Create a Jupyter notebook on Spark HDInsight

  1. From the Azure portal, open your cluster. See List and show clusters for the instructions. The cluster is opened in a new portal blade.

  2. From the Quick links section, click Cluster dashboards to open the Cluster dashboards blade. If you don't see Quick Links, click Overview from the left menu on the blade.

    Jupyter notebook on Spark

  3. Click Jupyter Notebook. If prompted, enter the admin credentials for the cluster.

    Note

    You may also reach the Jupyter notebook on Spark cluster by opening the following URL in your browser. Replace CLUSTERNAME with the name of your cluster:

    https://CLUSTERNAME.azurehdinsight.net/jupyter

  4. Click New, and then click either Pyspark, PySpark3, or Spark to create a notebook. Use the Spark kernel for Scala applications, PySpark kernel for Python2 applications, and PySpark3 kernel for Python3 applications.

    Kernels for Jupyter notebook on Spark

  5. A notebook opens with the kernel you selected.

Benefits of using the kernels

Here are a few benefits of using the new kernels with Jupyter notebook on Spark HDInsight clusters.

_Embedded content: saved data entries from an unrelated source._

lemma qnorm_H_unit: "H_unit x \<Longrightarrow> qnorm x = 1"
proof -
  assume "H_unit x"
  then obtain y where "x \<in> H122" "y \<in> H122" "x \<star> y = qone"
    unfolding H_unit_def by blast
  then obtain a b :: int where ab: "qnorm x = of_int a" "qnorm y = of_int b"
    using qnorm_H122_Ints by (metis Ints_cases)
  have "qnorm x * qnorm y = 1"
    using \<open>x \<star> y = qone\<close> qnorm_qmult[of x y] by (simp add: qone_def qnorm_def)
  then have "a * b = 1"
    unfolding ab by (metis of_int_eq_1_iff of_int_mult)
  moreover have "0 \<le> a"
    using qnorm_nonneg[of x] ab by simp
  ultimately show "qnorm x = 1"
    using ab by (simp add: zmult_eq_1_iff)
qed

lemma sum_of_four_squares_qnorm_H122:
  assumes "sum_of_four_squares n"
  shows "\<exists>x\<in>H122. qnorm x = of_int n"
proof -
  obtain A B u v where n: "n = A\<^sup>2 + B\<^sup>2 + u\<^sup>2 + v\<^sup>2"
    using assms unfolding sum_of_four_squares_def by blast
  define x where "x = Quat A B ((u + v) * sqrt 2 / 2) ((u - v) * sqrt 2 / 2)"
  have "x \<in> H122"
    unfolding H122_iff x_def
    by (rule exI[of _ "A - u"], rule exI[of _ "B - u"], rule exI[of _ "u + v"], rule exI[of _ "u - v"]) simp
  moreover have "qnorm x = of_int n"
    unfolding x_def qnorm_def n by (simp add: power2_eq_square field_simps)
  ultimately show ?thesis
    by blast
qed
(* Consider Method 2.4 (described in the context), with a fixed $\varepsilon>0$, and suppose it does not terminate and the numbers $\delta_k>0$ satisfy $\delta_k\to0$. Then the sequences $\{x_k\},\{\sigma_k\}$ are defined for all $k\in K$ and $\lim_{k\to\infty}g(x_k)=f^*+\varepsilon$, $\lim_{k\to\infty}\sigma_k=f^*+\varepsilon$, where $g(x)=f(x)+\varepsilon$.
   Context: Setting: $D\subset\mathbb{R}^n$ closed convex; $f$ convex on $\mathbb{R}^n$ attaining its minimum $f^*$ on $D$; $X^*=\{x\in D:f(x)=f^*\}$; fixed $\varepsilon>0$, $g(x)=f(x)+\varepsilon$, $g^*=\min_Dg=f^*+\varepsilon$; $\operatorname{epi}(g,\mathbb{R}^n)=\{(x,\gamma):\gamma\ge g(x)\}$; $W^1(u,Q)=\{a\in\mathbb{R}^{n+1}:\|a\|=1,\ \langle a,v-u\rangle\le0\ \forall v\in Q\}$; $K=\{0,1,\dots\}$; $J=\{1,\dots,m\}$. Method 2.4: fix $x^*\in X^*$; choose $v^j\in\operatorname{int}\operatorname{epi}(g,\mathbb{R}^n)$, $j\in J$, a closed convex bounded $G_0\subset D$ with $x^*\in G_0$, a closed convex $M_0\subseteq\mathbb{R}^{n+1}$ with $\operatorname{epi}(g,\mathbb{R}^n)\subset M_0$, numbers $\delta_0>0$, $\bar\gamma_0\le g^*$, constant $q\ge1$; $i=k=0$. Step 1: $u_i=(y_i,\gamma_i)$ solves $\min\{\gamma:(x,\gamma)\in M_i,\ x\in G_i,\ \gamma\ge\bar\gamma_i\}$; if $\gamma_i=g(y_i)$ stop. Step 2: for each $j\in J$ choose $\bar u_i^j$ in the open segment $(v^j,u_i)$ with $\bar u_i^j\notin\operatorname{int}\operatorname{epi}(g,\mathbb{R}^n)$ and $u_i+q_i^j(\bar u_i^j-u_i)\in\operatorname{epi}(g,\mathbb{R}^n)$ for some $q_i^j\in[1,q]$. Step 3: if $\|\bar u_i^j-u_i\|>\delta_k$ for all $j\in J$, choose closed convex $Q_i\subseteq M_i$ with $\operatorname{epi}(g,\mathbb{R}^n)\subset Q_i$ and go to Step 5. Step 4: choose closed convex $Q_i\supseteq\operatorname{epi}(g,\mathbb{R}^n)$; set $i_k=i$, $\sigma_k=\gamma_{i_k}$; choose $x_k\in G_{i_k}$ with $g(x_k)\le g(y_{i_k})$; choose $\delta_{k+1}>0$; $k\leftarrow k+1$. Step 5: for $j\in J$ choose nonempty finite $A_i^j\subset W^1(\bar u_i^j,\operatorname{epi}(g,\mathbb{R}^n))$; $M_{i+1}=Q_i\cap\bigcap_{j\in J}\{u\in\mathbb{R}^{n+1}:\langle a,u-\bar u_i^j\rangle\le0\ \forall a\in A_i^j\}$. Step 6: choose closed convex $G_{i+1}\subseteq G_0$ with $x^*\in G_{i+1}$ and $\bar\gamma_{i+1}\in[\bar\gamma_0,g^*]$; $i\leftarrow i+1$; go to Step 1. *)

theory Defs
  imports "HOL-Analysis.Analysis"
begin

definition epi :: "('a \<Rightarrow> real) \<Rightarrow> ('a \<times> real) set" where
  "epi g = {(x, \<gamma>). \<gamma> \<ge> g x}"

definition W1 :: "'b::real_inner \<Rightarrow> 'b set \<Rightarrow> 'b set" where
  "W1 u Q = {a. norm a = 1 \<and> (\<forall>v\<in>Q. inner a (v - u) \<le> 0)}"

end

(* All iterates u_i = (y_i, gamma_i) stay in a bounded set, because y_i is in G_0 and
   gbar_0 <= gamma_i <= g*, as the point x* at level g* is feasible for every auxiliary problem.
   If Step 4 happened only finitely often, delta would be frozen at some delta > 0, and every
   later cut, taken at a point of the segment from an interior point v of the epigraph to u_i
   at distance more than delta from u_i, would keep all later iterates at distance at least
   r delta / R from u_i (r the radius of a ball around v inside the epigraph, R a bound on
   |u_i - v|), contradicting Bolzano-Weierstrass.  Hence every k is reached.  At the
   iteration i_k the point u_{i_k} is within q delta_k of the epigraph, so by uniform
   continuity of g on bounded sets the gap g(y_{i_k}) - gamma_{i_k} tends to 0; finally
   gamma_{i_k} <= g* <= g(x_k) <= g(y_{i_k}) and sigma_k = gamma_{i_k}. *)

theory Submission
  imports Defs
begin

lemma cut_depth_along_segment:
  fixes E :: "'b::real_inner set"
  assumes "cball p r \<subseteq> E" "0 \<le> r" "a \<in> W1 b E" "b \<in> open_segment p w"
  shows "r * norm (w - b) \<le> norm (w - p) * inner a (w - b)"
proof -
  obtain t where t: "0 < t" "t < 1" and b: "b = p + t *\<^sub>R (w - p)"
    using assms(4) unfolding in_segment by (auto simp: algebra_simps)
  have a: "norm a = 1" "\<forall>z\<in>E. inner a (z - b) \<le> 0"
    using assms(3) unfolding W1_def by auto
  have "p + r *\<^sub>R a \<in> E"
    using assms(1,2) a(1) by (auto simp: dist_norm)
  then have "inner a (p + r *\<^sub>R a - b) \<le> 0"
    using a(2) by blast
  then have "r \<le> t * inner a (w - p)"
    using a(1) by (simp add: b inner_diff_right inner_add_right power2_norm_eq_inner[symmetric])
  moreover from this have "0 \<le> inner a (w - p)"
    using t(1) assms(2) by (metis order_trans zero_le_mult_iff not_less)
  ultimately have r_le: "r \<le> inner a (w - p)"
    using t by (meson mult_left_le_one_le order_trans less_imp_le)
  have wb: "w - b = (1 - t) *\<^sub>R (w - p)"
    by (simp add: b algebra_simps)
  have "r * norm (w - b) = (1 - t) * norm (w - p) * r"
    using t by (simp add: wb)
  also have "\<dots> \<le> (1 - t) * norm (w - p) * inner a (w - p)"
    using t r_le by (intro mult_left_mono) auto
  also have "\<dots> = norm (w - p) * inner a (w - b)"
    by (simp add: wb)
  finally show ?thesis .
qed

lemma cut_separates_from_segment_end:
  fixes E :: "'b::real_inner set"
  assumes "cball p r \<subseteq> E" "0 \<le> r" "a \<in> W1 b E" "b \<in> open_segment p w"
    and "inner a (u - b) \<le> 0"
  shows "r * norm (w - b) \<le> norm (w - p) * norm (u - w)"
proof -
  have "norm a = 1"
    using assms(3) unfolding W1_def by simp
  then have "inner a (w - u) \<le> norm (u - w)"
    by (metis Cauchy_Schwarz_ineq2 abs_le_D1 mult_1 norm_minus_commute)
  moreover have "inner a (w - b) \<le> inner a (w - u)"
    using assms(5) by (simp add: inner_diff_right)
  ultimately show ?thesis
    using cut_depth_along_segment[OF assms(1-4)] by (meson mult_left_mono norm_ge_zero order_trans)
qed

lemma bounded_seq_has_close_terms:
  fixes U :: "nat \<Rightarrow> 'b::heine_borel"
  assumes "bounded (range U)" "0 < c"
  shows "\<exists>i l. i0 \<le> i \<and> i < l \<and> dist (U l) (U i) < c"
proof -
  obtain L r where r: "strict_mono r" "(U \<circ> r) \<longlonglongrightarrow> L"
    using assms(1) bounded_imp_convergent_subsequence by blast
  then obtain N where N: "\<forall>n\<ge>N. \<forall>n'\<ge>N. dist ((U \<circ> r) n) ((U \<circ> r) n') < c"
    using metric_CauchyD[OF LIMSEQ_imp_Cauchy assms(2)] by blast
  have "i0 \<le> r (N + i0)" "r (N + i0) < r (Suc (N + i0))"
    using r(1) seq_suble[OF r(1), of "N + i0"] by (auto simp: strict_mono_def)
  moreover have "dist (U (r (Suc (N + i0)))) (U (r (N + i0))) < c"
    using N by simp
  ultimately show ?thesis by blast
qed

lemma counter_constant:
  assumes "\<And>n. c (Suc n) = (if P n then Suc (c n) else c n)"
    and "i \<le> l" "\<forall>n\<in>{i..<l}. \<not> P n"
  shows "c l = c i"
  using assms(2,3) by (induction l rule: dec_induct) (auto simp: assms(1))

lemma counter_reaches_every_value:
  assumes step: "\<And>n. c (Suc n) = (if P n then Suc (c n) else c n)"
    and "c 0 = 0" and "frequently P sequentially"
  shows "\<exists>i. c i = k \<and> P i"
proof -
  have next_P: "\<exists>i. c i = c n \<and> P i" for n
  proof -
    have "\<exists>i. n \<le> i \<and> P i"
      using assms(3) unfolding frequently_sequentially by blast
    then obtain i where i: "n \<le> i" "P i" and least: "\<forall>l<i. \<not> (n \<le> l \<and> P l)"
      unfolding exists_least_iff[of "\<lambda>i. n \<le> i \<and> P i"] by blast
    have "\<forall>l\<in>{n..<i}. \<not> P l"
      using least by simp
    then have "c i = c n"
      by (rule counter_constant[where c = c and P = P, OF step i(1)])
    with i show ?thesis by blast
  qed
  show ?thesis
  proof (induction k)
    case 0
    show ?case using next_P[of 0] assms(2) by simp
  next
    case (Suc k)
    then obtain i where "c i = k" "P i" by blast
    then show ?case using next_P[of "Suc i"] step[of i] by auto
  qed
qed
(* Let $\mathcal Z,\mathcal S$ be finite, $f:\mathcal Z\times\mathcal S\to\mathbb R$, and $(Z_i,S_i)$, $i=1,\dots,n$, random variables with a common joint law $P_{ZS}$ (not depending on $i$) such that $\Pr[\mathbf S=\mathbf s\mid\mathbf Z=\mathbf z]=\prod_{i=1}^n\Pr[S_i=s_i\mid Z_i=z_i]$. Suppose there are reals $a<b$ such that for every $z$ with $P_Z(z)>0$ and every $s$ with $P_{S|Z}(s|z)>0$, $a\le f(z,s)-\mathbb E_{S\sim P_{S|Z}(\cdot|z)}[f(z,S)]\le b$. Then for every type $p$ with $\Pr[\hat p_{\mathbf Z}=p]>0$ and every $\xi>0$, $$\Pr\Big[\Big|\sum_{i=1}^n f(Z_i,S_i)-\mu\Big|\ge\xi\ \Big|\ \hat p_{\mathbf Z}=p\Big]\le 2e^{-\frac{\xi^2}{n(b-a)^2}},$$ where $\mu=\mathbb E\big[\sum_{i=1}^n f(Z_i,S_i)\mid\hat p_{\mathbf Z}=p\big]$.
   Context: $\mathbf Z=(Z_1,\dots,Z_n)$, $\mathbf S=(S_1,\dots,S_n)$; $\hat p_{\mathbf Z}$ is the empirical distribution (type) of $\mathbf Z$; $P_{S|Z}$ is the conditional of $P_{ZS}$. *)

theory Defs
  imports "HOL-Probability.Probability"
begin

definition cond_prob :: "'a measure \<Rightarrow> 'a set \<Rightarrow> 'a set \<Rightarrow> real" where
  "cond_prob M A B = measure M (A \<inter> B) / measure M B"

definition cond_exp_event :: "'a measure \<Rightarrow> ('a \<Rightarrow> real) \<Rightarrow> 'a set \<Rightarrow> real" where
  "cond_exp_event M X B = (\<integral>\<omega>. indicator B \<omega> * X \<omega> \<partial>M) / measure M B"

  • Preset contexts. With PySpark, PySpark3, or the Spark kernels, you do not need to set the Spark or Hive contexts explicitly before you start working with your applications. These are available by default. These contexts are:

    • sc - for Spark context
    • sqlContext - for Hive context

      So, you don't have to run statements like the following to set the contexts:

       sc = SparkContext('yarn-client')
       sqlContext = HiveContext(sc)
      

      Instead, you can directly use the preset contexts in your application.

  • Cell magics. The PySpark kernel provides some predefined “magics”, which are special commands that you can call with %% (for example, %%MAGIC ). The magic command must be the first word in a code cell and allow for multiple lines of content. The magic word should be the first word in the cell. Adding anything before the magic, even comments, causes an error. For more information on magics, see here.

    The following table lists the different magics available through the kernels.

    Magic Example Description
    help %%help Generates a table of all the available magics with example and description
    info %%info Outputs session information for the current Livy endpoint
    configure %%configure -f
    {"executorMemory": "1000M",
    "executorCores": 4}
    Configures the parameters for creating a session. The force flag (-f) is mandatory if a session has already been created, which ensures that the session is dropped and recreated. Look at Livy's POST /sessions Request Body for a list of valid parameters. Parameters must be passed in as a JSON string and must be on the next line after the magic, as shown in the example column.
    sql %%sql -o <variable name>
    SHOW TABLES
    Executes a Hive query against the sqlContext. If the -o parameter is passed, the result of the query is persisted in the %%local Python context as a Pandas dataframe.
    local %%local
    a=1
    All the code in subsequent lines is executed locally. Code must be valid Python2 code even irrespective of the kernel you are using. So, even if you selected PySpark3 or Spark kernels while creating the notebook, if you use the %%local magic in a cell, that cell must only have valid Python2 code..
    logs %%logs Outputs the logs for the current Livy session.
    delete %%delete -f -s <session number> Deletes a specific session of the current Livy endpoint. Note that you cannot delete the session that is initiated for the kernel itself.
    cleanup %%cleanup -f Deletes all the sessions for the current Livy endpoint, including this notebook's session. The force flag -f is mandatory.
    Note

    In addition to the magics added by the PySpark kernel, you can also use the built-in IPython magics, including %%sh. You can use the %%sh magic to run scripts and block of code on the cluster headnode.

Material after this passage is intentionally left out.